There should never be another trans or nonbinary person relying on luck, or the difficult unlearning of shame, to fulfill their dreams of family, whatever form it takes.
I had no positive role models and no practical advice. The very possibility of creating a family the way I did was something I learned about totally by accident. Today, when I look at my beautiful kid, this detail in particular makes my heart lurch. What if I’d never been put straight about my fertility and my options for becoming a parent? What if that doctor who assumed I didn’t want kids had also managed to convince me that I could never really be me without a hysto? I know people who were robbed of this knowledge and these choices and it has to stop. There should never be another trans or nonbinary person relying on luck, or the difficult unlearning of shame, to fulfill their dreams of family, whatever form it takes.

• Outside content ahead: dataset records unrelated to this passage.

(* Let $a_0,a_1,\ldots\in\mathbb{R}$ satisfy $\sum_{j=0}^\infty|a_j|<\infty$. Then the series $f(x)=\sum_{j=0}^\infty 2^{j-1}a_jQ_j(x)$ converges absolutely for every $x\in[-1,1]$, and for every integer $D\ge1$, \[ \Big(\frac12\sum_{k=D}^\infty\frac{a_k^2}{k}\Big)^{1/2}\le \inf_{p\in\mathcal{P}_{D-1}}\ \sup_{x\in[-1,1]}|p(x)-f(x)|\le\sum_{j=D}^\infty|a_j|. \]
   Context: $\mathcal{P}_d$ denotes the set of real polynomials in one variable of degree at most $d$. The monic Chebyshev polynomials $Q_d\in\mathcal{P}_d$ are defined by $Q_0(x)=1$ and, for $d\ge1$, by the requirement $Q_d(\cos\theta)=2^{1-d}\cos(d\theta)$ for all $\theta\in[0,2\pi]$. *)

theory Defs
  imports "HOL-Analysis.Analysis" "HOL-Computational_Algebra.Polynomial"
begin

definition chebQ :: "nat \<Rightarrow> real poly" where
  "chebQ d = (if d = 0 then 1 else
     (THE p. degree p \<le> d \<and> (\<forall>\<theta>\<in>{0..2*pi}. poly p (cos \<theta>) = 2 powr (1 - real d) * cos (real d * \<theta>))))"

end

theory Submission
  imports Defs
begin

text \<open>Let T_j be the Chebyshev polynomials of the first kind, T_j(cos t) = cos(j t). Since
  2^(j-1) Q_j = T_j for j \<ge> 1, the function f is the Chebyshev series a_0/2 + \<Sum>_{j\<ge>1} a_j T_j,
  and |T_j| \<le> 1 on [-1,1]; this gives absolute convergence, and truncating the series after degree
  D - 1 gives the upper bound. For the lower bound substitute x = cos t: for deg p < D the function
  p(cos t) is orthogonal on [-pi,pi] to cos(k t) for all k \<ge> D, so by Bessel's inequality the
  L^2 mass pi \<Sum>_{k\<ge>D} a_k^2 of the tail is at most 2 pi sup|p - f|^2. This is even stronger than
  claimed, as 1/k \<le> 1.\<close>

fun chebT :: "nat \<Rightarrow> real poly" where
  "chebT 0 = 1"
| "chebT (Suc 0) = [:0, 1:]"
| "chebT (Suc (Suc n)) = [:0, 2:] * chebT (Suc n) - chebT n"

lemma poly_chebT_cos: "poly (chebT n) (cos t) = cos (real n * t)"
proof (induction n rule: chebT.induct)
  case (3 n)
  have "cos (real (Suc (Suc n)) * t) + cos (real n * t) = 2 * cos t * cos (real (Suc n) * t)"
    using cos_add[of "real (Suc n) * t" t] cos_diff[of "real (Suc n) * t" t]
    by (simp add: algebra_simps)
  with 3 show ?case by simp
qed auto

lemma degree_chebT_le: "degree (chebT n) \<le> n"
proof (induction n rule: chebT.induct)
  case (3 n)
  have "degree ([:0, 2:] * chebT (Suc n)) \<le> Suc (Suc n)"
    using degree_mult_le[of "[:0, 2:]" "chebT (Suc n)"] 3 by simp
  with 3 show ?case by (simp add: degree_diff_le)
qed auto

lemma abs_poly_chebT_le_1: "x \<in> {-1..1} \<Longrightarrow> \<bar>poly (chebT n) x\<bar> \<le> 1"
  using poly_chebT_cos[of n "arccos x"] by simp

lemma poly_eq_0_if_roots_infinite:
  fixes p :: "'a::idom poly"
  assumes "infinite S" and "\<And>x. x \<in> S \<Longrightarrow> poly p x = 0"
  shows "p = 0"
  using assms poly_roots_finite finite_subset[of S "{x. poly p x = 0}"] by blast

lemma chebQ_eq_smult_chebT:
  assumes "d \<ge> 1"
  shows "chebQ d = smult (2 powr (1 - real d)) (chebT d)"
proof -
  let ?c = "2 powr (1 - real d)"
  have "q = smult ?c (chebT d)"
    if "\<forall>\<theta>\<in>{0..2*pi}. poly q (cos \<theta>) = ?c * cos (real d * \<theta>)" for q
  proof -
    have "q - smult ?c (chebT d) = 0"
    proof (rule poly_eq_0_if_roots_infinite)
      fix x :: real assume x: "x \<in> {-1..1}"
      then have "arccos x \<in> {0..2*pi}" using arccos_bounded[of x] by auto
      then have "poly q x = ?c * cos (real d * arccos x)"
        using that \<open>arccos x \<in> _\<close> x cos_arccos[of x] by force
      then show "poly (q - smult ?c (chebT d)) x = 0"
        using poly_chebT_cos[of d "arccos x"] x by simp
    qed simp
    then show ?thesis by simp
  qed
  moreover have "degree (smult ?c (chebT d)) \<le> d"
    using degree_chebT_le[of d] by simp
  ultimately show ?thesis
    using assms unfolding chebQ_def by (auto intro!: the_equality simp: poly_chebT_cos)
qed

lemma chebQ_series_term:
  "2 powr (real j - 1) * a * poly (chebQ j) x = (if j = 0 then a / 2 else a) * poly (chebT j) x"
proof (cases "j = 0")
  case True
  then show ?thesis by (simp add: chebQ_def powr_minus_divide)
next
  case False
  then have "2 powr (real j - 1) * 2 powr (1 - real j) = (1::real)"
    by (simp add: powr_add[symmetric])
  with False show ?thesis by (simp add: chebQ_eq_smult_chebT)
qed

I also want to use this space to explore lots of other ideas and questions relating to gender, fertility, family, parenthood, and the society in which they currently, somewhat unsteadily, percolate. Anecdotally, I’ve noticed that, regardless of gender, prioritizing starting a family makes me a bit of an outlier as a Millennial. If it’s true more broadly that my peers—both straight and queer—have different priorities, is it out of choice or economic necessity? I’ve also learned firsthand that, while more parents are trying to free their kids from the chains of gendered expectations, those expectations seem to have an ever greater influence on us from before we’re even born. Why do “gender reveals” and the pink/blue binary still dominate?
So, here I am, carrying on this fine queer tradition of oversharing. As I write this, I am four weeks pregnant. I feel nauseous all the time and I hope beyond hope that this poppy seed-sized life finds its way earthside in 40-ish weeks time to meet us. I am also conscious that it might not and that if it doesn’t, that I will not be alone, nor will I feel like a failure.